Far East Capital managing director Warwick Grigor agreed, saying copper was the latest in a long line of market victims.
"In what feels like a rotational assault on commodities, this week we have seen copper succumb to as assault by the traders who are trolling markets, looking for the next likely victim," he wrote today.
"This week it is copper. There hasn’t been anything specific that wasn’t on the radar a month ago."
Michelmore said with China expected to grow 6-7% this year, the fundamentals for copper were still good.
“It’s still a very good number and it’s on a much larger economy than when we were talking 10-12% growth,” he said.
He noted that the US had bottomed and Japan and Europe were looking flat, but the rest of Asia was still growing.
“On the demand side, things haven’t really changed,” Michelmore said.
While Michelmore acknowledged there may be a small surplus this year, he said the bearish outlook for copper doesn’t take into account production disruptions and the underperformance of major projects.
He used Rio Tinto’s massive Oyu Tolgoi mine as an example of a new copper operation that hadn’t lived up to expectations.
Michelmore’s comments come MMG continues construction of the massive Las Bambas project in Peru, which will become one of the world’s major copper mines when it starts production in a year.
But he isn’t concerned about bringing on a major copper operation in the current market.
“My own view is that copper will be tightening and sentiment changing in the second half of 2015,” Michelmore said.

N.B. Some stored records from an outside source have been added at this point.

lemma sorted_word_bound_left:
  assumes S: "S \<subseteq> {1..n}" and i: "i \<in> {1..n}" "i \<notin> S" and u: "u \<in> D"
    and bS: "word_bounded S u C' A'" and bi: "word_bounded {i} u Ci Ai"
    and pos: "C' > 0" "A' > 0" "Ci > 0" "Ai > 0" and \<beta>: "set \<beta> \<subseteq> S"
    and red: "reduces {i} S r (replicate (p + p) i @ \<beta>) g'" and sorted: "inversions {i} S g' = 0"
  shows "fact r * cmod (ip (mapply X \<beta> u) (mapply X g' u))
    \<le> C' * Ci * max 1 (max A' Ai) ^ (2 * (p + length \<beta>)) * ((2 ^ n * L) ^ r
      * wt (replicate (p + p) i @ \<beta> @ \<beta>))"
proof -
  define g where "g = replicate (p + p) i @ \<beta>"
  define K where "K = C' * Ci * max 1 (max A' Ai) ^ (2 * (p + length \<beta>))"
  have K: "0 \<le> K" unfolding K_def using pos by simp
  obtain ys where ys: "length ys = r" "set ys \<subseteq> {y \<in> S. c i y \<noteq> 0}"
    and cnt: "\<forall>z. count_list g z = count_list g' z + (if z = i then r else 0) + count_list ys z"
    using reduces_singleton_left[OF red[folded g_def]] .
  have cle: "\<forall>z. count_list g' z \<le> count_list g z" using cnt by simp
  have sg': "set g' \<subseteq> {i} \<union> S"
    using set_subset_if_count_list_le[OF cle] \<beta> unfolding g_def by auto
  have "set g' \<subseteq> {1..n}" "set g \<subseteq> {1..n}" using sg' S i \<beta> unfolding g_def by auto
  then have lg': "length g' \<le> p + p + length \<beta>"
    using length_le_if_count_list_le[of g' "{1..n}" g] cle unfolding g_def by simp
  define \<beta>' where "\<beta>' = filter (\<lambda>x. x \<in> S) g'"
  define s where "s = count_list g' i"
  have g'_eq: "g' = \<beta>' @ replicate s i"
    using inversions_zero_sorted[OF sg' sorted] i
    unfolding \<beta>'_def s_def filter_mem_singleton by auto
  have "set \<beta>' \<subseteq> S" unfolding \<beta>'_def by auto
  then have "cmod (ip (mapply X \<beta> u) (mapply X g' u))
      \<le> C' * Ci * max 1 (max A' Ai) ^ (length \<beta>' + length \<beta> + s) * wt (rev \<beta>' @ \<beta> @ replicate s i)"
    unfolding g'_eq by (rule cmod_ip_sorted_word_le[OF S i u bS bi pos \<beta>])
  also have "\<dots> \<le> K * wt (rev \<beta>' @ \<beta> @ replicate s i)"
    unfolding K_def using lg' g'_eq pos mweight_nonneg
    by (intro mult_right_mono mult_left_mono power_increasing) auto
  finally have "fact r * cmod (ip (mapply X \<beta> u) (mapply X g' u))
      \<le> K * (fact r * wt (rev \<beta>' @ \<beta> @ replicate s i))"
    using mult_left_mono[of _ _ "fact r"] by (simp add: mult_ac)
  also have "\<dots> \<le> K * ((2 ^ n * L) ^ r * wt (g @ \<beta>))"
  proof (rule mult_left_mono[OF mweight_delete_pairs[OF i(1) ys(1)] K])
    show "set ys \<subseteq> {j \<in> {1..n}. j \<noteq> i \<and> (c i j \<noteq> 0 \<or> c j i \<noteq> 0)}" using ys S i by auto
    show "\<forall>z. count_list (g @ \<beta>) z
        = count_list (rev \<beta>' @ \<beta> @ replicate s i) z + (if z = i then r else 0) + count_list ys z"
      using cnt unfolding g'_eq by simp
  qed
  finally show ?thesis unfolding K_def g_def by simp
qed
theorem mainTheorem5:
  fixes C :: "('o, 'm) smcat"
  assumes "strict_smc C"
    and "dual_data C M Ms eta eps"
    and "Ob C P"
    and "Delta \<in> hom C M (TOb C M P)"
    and "f \<in> hom C M M"
    and "h \<in> hom C P P"
    and "Cmp C (TAr C f h) Delta = Cmp C Delta f"
  shows "Cmp C h (trace C M Ms eta eps (Unit C) P (Cmp C Delta f))
           = trace C M Ms eta eps (Unit C) P (Cmp C Delta f)"
proof -
  interpret duality C M Ms eta eps
    using assms(1,2) by (simp add: duality_def duality_axioms_def)
  have D: "Arr C Delta" "Dom C Delta = TOb C (Unit C) M" "Cod C Delta = TOb C M P"
    and f: "Arr C f" "Dom C f = M" "Cod C f = M"
    and h: "Arr C h" "Dom C h = P" "Cod C h = P"
    using assms(4-6) by (auto simp: hom_def)
  have twist: "Cmp C (TAr C (Id C M) h) (Cmp C (TAr C f (Id C P)) Delta) = Cmp C Delta f"
    using D f h assms(3,7) by (simp flip: cmp_assoc_right add: cmp_tar)
  have "tr (Unit C) P (Cmp C Delta f) = tr (Unit C) P (Cmp C (TAr C f (Id C P)) Delta)"
    using trace_cyclic[OF ob_tob_unit(2) assms(3) D f] f by simp
  then show ?thesis
    using trace_natural[OF ob_tob_unit(2) assms(3) _ _ _ h, of "Cmp C (TAr C f (Id C P)) Delta"]
      D f assms(3) by (simp add: twist)
qed

end
(* Let $0<\lambda<1$, $0<\beta<1$. The nonzero proper ideals of $\mathcal{B}'(\lambda,\beta)$ are exactly the following: (i) if $\beta=\lambda\neq\tfrac12$: $\mathbb{R}c\subset\operatorname{span}\{b,c\}\subset\operatorname{span}\{a,b,c\}$; (ii) if $\beta=1-\lambda$, $\lambda\neq\tfrac12$: $\mathbb{R}c\subset\operatorname{span}\{a,c\}\subset\operatorname{span}\{a,b,c\}$; (iii) if $\beta\neq\lambda$ and $\beta\neq 1-\lambda$: $\mathbb{R}c\subset\operatorname{span}\{a,b,c\}$; (iv) if $\lambda=\beta=\tfrac12$: $\mathbb{R}c$, $\operatorname{span}\{a,c\}$, $\operatorname{span}\{b,c\}$, $\operatorname{span}\{a,b,c\}$ (with $\mathbb{R}c$ contained in both $2$-dimensional ideals, which are both contained in $\operatorname{span}\{a,b,c\}$).
   Context: For real parameters $0<\lambda<1$ and $0<\beta<1$, $\mathcal{B}'(\lambda,\beta)$ denotes the commutative (non-associative) $4$-dimensional real algebra with basis $\{o,a,b,c\}$ whose bilinear commutative multiplication $\circ$ is determined by $o\circ o=o$, $o\circ a=\lambda a$, $o\circ b=\lambda b$, $a\circ a=a$, $b\circ b=b$, $a\circ b=\frac{\lambda-\beta}{\lambda}a+\frac{\lambda+\beta-1}{\lambda}b+c$, and $c\circ x=x\circ c=0$ for every $x$. (In the paper the basis vector $c$ is written $ab$.) An ideal is a linear subspace $I$ with $x\circ I\subseteq I$ for all $x$ in the algebra. *)

theory Defs
  imports "HOL-Analysis.Analysis"
begin

text \<open>The algebra B'(lambda,beta) is modelled on real^4; the basis vectors
o, a, b, c are the standard basis vectors with indices 1,2,3,4.\<close>

definition bo :: "real^4" where "bo = axis 1 1"
definition ba :: "real^4" where "ba = axis 2 1"
definition bb :: "real^4" where "bb = axis 3 1"
definition bc :: "real^4" where "bc = axis 4 1"
lemma hit_time_in_hit_set:
  assumes "\<omega> \<in> space M" "hit_set N L X \<omega> \<noteq> {}"
  shows "hit_time N L X \<omega> \<in> hit_set N L X \<omega>"
proof -
  have "closed (hit_set N L X \<omega>)"
    unfolding hit_set_eq
    by (rule continuous_closed_preimage_constant[OF continuous_target_gap[OF assms(1)] closed_atLeast])
  moreover have "bdd_below (hit_set N L X \<omega>)" by (auto simp: bdd_below_def hit_set_def)
  ultimately show ?thesis unfolding hit_time_def using assms(2) closed_contains_Inf by blast
qed

lemma hit_time_le: "s \<in> hit_set N L X \<omega> \<Longrightarrow> hit_time N L X \<omega> \<le> s"
  unfolding hit_time_def by (rule cInf_lower) (auto simp: bdd_below_def hit_set_def)

definition "stop T \<omega> = (if hit_set N L X \<omega> = {} then T else min T (hit_time N L X \<omega>))"

lemma stop_range:
  assumes "\<omega> \<in> space M" "0 \<le> T"
  shows "stop T \<omega> \<in> {0..T}"
proof (cases "hit_set N L X \<omega> = {}")
  case False
  then have "0 \<le> hit_time N L X \<omega>"
    using hit_time_in_hit_set[OF assms(1)] unfolding hit_set_def by blast
  then show ?thesis using False assms(2) by (simp add: stop_def)
qed (use assms in \<open>simp add: stop_def\<close>)

lemma stop_le_iff:
  assumes \<omega>: "\<omega> \<in> space M" and "c < T"
  shows "stop T \<omega> \<le> c \<longleftrightarrow> (\<exists>s\<in>{0..c}. target_gap s \<omega> = 0)"
proof
  assume "stop T \<omega> \<le> c"
  then have ne: "hit_set N L X \<omega> \<noteq> {}" and "hit_time N L X \<omega> \<le> c"
    using \<open>c < T\<close> by (auto simp: stop_def split: if_splits)
  then show "\<exists>s\<in>{0..c}. target_gap s \<omega> = 0"
    using hit_time_in_hit_set[OF \<omega> ne] by (auto simp: hit_set_eq)
next
  assume "\<exists>s\<in>{0..c}. target_gap s \<omega> = 0"
  then obtain s where "s \<in> hit_set N L X \<omega>" "s \<le> c" by (auto simp: hit_set_eq)
  then show "stop T \<omega> \<le> c" using hit_time_le[of s \<omega>] by (auto simp: stop_def)
qed

lemma stopping_time_stop:
  assumes "0 \<le> T"
  shows "stopping_time F (stop T)"
proof
  fix c :: real
  have range: "0 \<le> stop T \<omega>" "stop T \<omega> \<le> T" if "\<omega> \<in> space (F c)" for \<omega>
    using stop_range[OF _ assms, of \<omega>] that space_F by auto
  consider "c < 0" | "T \<le> c" | "0 \<le> c" "c < T" by linarith
  then show "Measurable.pred (F c) (\<lambda>\<omega>. stop T \<omega> \<le> c)"
  proof cases
    case 1
    then have "(stop T \<omega> \<le> c) = False" if "\<omega> \<in> space (F c)" for \<omega>
      using range[OF that] by simp
    then show ?thesis by (rule measurable_cong[THEN iffD2]) (auto intro: measurable_const)
  next
    case 2
    then have "(stop T \<omega> \<le> c) = True" if "\<omega> \<in> space (F c)" for \<omega>
      using range[OF that] by simp
    then show ?thesis by (rule measurable_cong[THEN iffD2]) (auto intro: measurable_const)
  next
    case 3
    have "(stop T \<omega> \<le> c) = (\<exists>s\<in>{0..c}. target_gap s \<omega> = 0)" if "\<omega> \<in> space (F c)" for \<omega>
      using stop_le_iff[OF _ 3(2)] that space_F by simp
    moreover have "Measurable.pred (F c) (\<lambda>\<omega>. \<exists>s\<in>{0..c}. target_gap s \<omega> = 0)"
      using 3 by (intro pred_exists_zero target_gap_adapted continuous_target_gap) auto
    ultimately show ?thesis by (rule measurable_cong[THEN iffD2])
  qed
qed

lemma stop_le_hit_time: "hit_set N L X \<omega> \<noteq> {} \<Longrightarrow> stop T \<omega> \<le> hit_time N L X \<omega>"
  by (simp add: stop_def)

lemma below_targets_before_stop:
  assumes \<omega>: "\<omega> \<in> space M" and r: "0 \<le> r" "r \<le> stop T \<omega>"
  shows "snd (X r \<omega>) \<le> L (fst (X r \<omega>))"
proof (rule ccontr)
  define i where "i = fst (X r \<omega>)"
  assume "\<not> snd (X r \<omega>) \<le> L (fst (X r \<omega>))"
  then have beyond: "L i < leg_coord i (X r \<omega>)" by (simp add: i_def leg_coord_def)
  have i: "i < N" using X_point[OF \<omega> r(1)] by (simp add: sp_point_def i_def)
  have "0 < L i" using L_pos i by blast
  then have "leg_coord i (X 0 \<omega>) \<le> L i" using X_0[OF \<omega>] by (simp add: leg_coord_def)
  moreover have "continuous_on {0..r} (\<lambda>t. leg_coord i (X t \<omega>))"
    using continuous_on_leg_coord[where N=N, OF X_continuous[OF \<omega>] X_point[OF \<omega>]]
    by (rule continuous_on_subset) auto
  ultimately obtain s where s: "0 \<le> s" "s \<le> r" "leg_coord i (X s \<omega>) = L i"
    using IVT'[of "\<lambda>t. leg_coord i (X t \<omega>)" 0 "L i" r] beyond r(1) by force
  then have hit: "s \<in> hit_set N L X \<omega>"
    using leg_coord_eq_L_iff[OF i] i by (auto simp: hit_set_def)
  have "s < r" using s beyond by (cases "s = r") auto
  moreover have "stop T \<omega> \<le> s"
    using stop_le_hit_time[of \<omega> T] hit_time_le[OF hit] hit by fastforce
  ultimately show False using r(2) by simp
qed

“If anything, Las Bambas will be coming into the market just when the market needs those tonnes.”
Las Bambas is 80% complete and Michelmore said the final months of construction would involve the “fiddly stuff”
“It’s that last 20% that takes all that time,” he said.
Las Bambas is expected to produce over 2 million tonnes of copper in its first five years, though MMG won’t announce formal guidance until later this year.